Q: What can we expect from MapR going forward?

A: MapR believes open-source software is extremely important, especially when coupled with our patented technology. We invest heavily in participating and contributing to OSS, furthering the viral adoption of Apache Hadoop.  We also continue to focus on delivering the best Hadoop Distribution on the market.

We’re seeing customers evolve to a data-centric enterprise where data is used as the primary influence for deploying IT infrastructures. This results in more agile and scalable applications that offer faster time-to-value. MapR lets our customers handle many data formats with multiple workload requirements, and our latest release lets them more effectively extend their reach to a global user base.

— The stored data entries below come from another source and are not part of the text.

lemma entropy_complement_nonneg:
  fixes d :: real
  assumes d: "0 < d" "d < 5 / 12"
  shows "0 \<le> (1 - 2 * d) * ln (1 - d) + 2 * d * ln d + ln (12 / 5)"
proof -
  \<comment> \<open>The left-hand side \<open>g d\<close> is convex, so it lies above its tangents;
    those at \<open>3 / 10\<close> and \<open>1 / 3\<close> are nonnegative to the left and right of \<open>3 / 10\<close>.\<close>
  define g where "g x = (1 - 2 * x) * ln (1 - x) + 2 * x * ln x + ln (12 / 5)" for x :: real
  have tangent: "g x0 + (d - x0) * (2 * (ln x0 - ln (1 - x0)) + 1 / (1 - x0)) \<le> g d"
    if "0 < x0" "x0 < 1" for x0
    using entropy_complement_tangent_le[of d x0] that d by (simp add: g_def)
  have "0 \<le> g d"
  proof (cases "d \<le> 3 / 10")
    case True
    have "4 / 5 \<le> ln (7 / 3 :: real)"
      using ln_approx_bounds[of "7 / 3" 1] by (simp add: eval_nat_numeral)
    then have "2 * (ln (3 / 10) - ln (1 - 3 / 10)) + 1 / (1 - 3 / 10) \<le> (0 :: real)"
      by (simp add: ln_div)
    with True have slope:
      "0 \<le> (d - 3 / 10) * (2 * (ln (3 / 10) - ln (1 - 3 / 10)) + 1 / (1 - 3 / 10))"
      by (intro mult_nonpos_nonpos) auto
    have "5 * g (3 / 10) = ln ((7 / 10) ^ 2 * (3 / 10) ^ 3 * (12 / 5) ^ 5)"
      by (simp add: g_def ln_mult ln_realpow algebra_simps)
    moreover have "0 < ln ((7 / 10) ^ 2 * (3 / 10) ^ 3 * (12 / 5) ^ 5 :: real)"
      by (intro ln_gt_zero) (simp add: eval_nat_numeral)
    ultimately have "0 < g (3 / 10)" by linarith
    moreover have
      "g (3 / 10) + (d - 3 / 10) * (2 * (ln (3 / 10) - ln (1 - 3 / 10)) + 1 / (1 - 3 / 10)) \<le> g d"
      by (rule tangent) simp_all
    ultimately show ?thesis using slope by linarith
  next
    case False
    have "3 * g (1 / 3) = ln ((2 / 3) * (1 / 3) ^ 2 * (12 / 5) ^ 3)"
      by (simp add: g_def ln_mult ln_realpow ln_div algebra_simps)
    also have "(2 / 3) * (1 / 3) ^ 2 * (12 / 5) ^ 3 = (128 / 125 :: real)"
      by (simp add: eval_nat_numeral)
    finally have "2 / 253 \<le> g (1 / 3)"
      using ln_approx_bounds[of "128 / 125" 1] by (simp add: eval_nat_numeral)
    have "g (1 / 3) + (d - 1 / 3) * (2 * (ln (1 / 3) - ln (1 - 1 / 3)) + 1 / (1 - 1 / 3)) \<le> g d"
      by (rule tangent) simp_all
    moreover have "2 * (ln (1 / 3) - ln (1 - 1 / 3)) + 1 / (1 - 1 / 3) = 3 / 2 - 2 * ln (2 :: real)"
      by (simp add: ln_div)
    ultimately have "g (1 / 3) + (d - 1 / 3) * (3 / 2 - 2 * ln 2) \<le> g d" by simp
    moreover have "- 1 / 180 \<le> - 1 / 30 * (3 / 2 - 2 * ln (2 :: real))"
      using ln2_ge_two_thirds by argo
    moreover have "- 1 / 30 * (3 / 2 - 2 * ln 2) \<le> (d - 1 / 3) * (3 / 2 - 2 * ln (2 :: real))"
      using False ln2_le_25_over_36 by (intro mult_right_mono) auto
    ultimately show ?thesis using \<open>2 / 253 \<le> g (1 / 3)\<close> by linarith
  qed
  then show ?thesis by (simp add: g_def)
qed

lemma binary_kl_complement_ge:
  assumes d: "0 < d" "d < 5 / 12"
  shows "- ln (12 / 5 * d) \<le> binary_kl (1 - d) d"
proof -
  have "ln (12 / 5 * d) = ln (12 / 5) + ln d" using d by (intro ln_mult_pos) auto
  then show ?thesis
    using d entropy_complement_nonneg[OF d] binary_kl_eq[of "1 - d" d] by (simp add: algebra_simps)
qed

lemma binary_kl_ge:
  assumes "0 < d" "d < 5 / 12" "1 - d \<le> p" "p \<le> 1" "0 < q" "q \<le> d"
  shows "- ln (12 / 5 * d) \<le> binary_kl p q"
proof -
  have "- ln (12 / 5 * d) \<le> binary_kl (1 - d) d"
    using assms by (intro binary_kl_complement_ge) auto
  also have "\<dots> \<le> binary_kl p d"
    using assms by (intro binary_kl_mono_left) auto
  also have "\<dots> \<le> binary_kl p q"
    using assms by (intro binary_kl_antimono_right) auto
  finally show ?thesis .
qed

You can expect us to continue to invest heavily in our technology, including our in-Hadoop NoSQL database, MapR-DB, to support real-time operational analytics so customers can impact business as it happens. MapR will also continue to invest in engineering resources for data agility by decreasing time to value from data, including investing heavily in open source projects such as Apache Drill, Project Myriad, etc.

Editor's Note: This interview is the latest in a series of interviews with project leaders working on the cloud, Big Data, and the Internet of Things. The series has included talks with Rich Wolski who founded the Eucalyptus cloud project, Ben Hindman from Mesosphere, Tomer Shiran of the Apache Drill project, Philip DesAutels who oversees the AllSeen Alliance, and co-founder of Mirantis Boris Renski.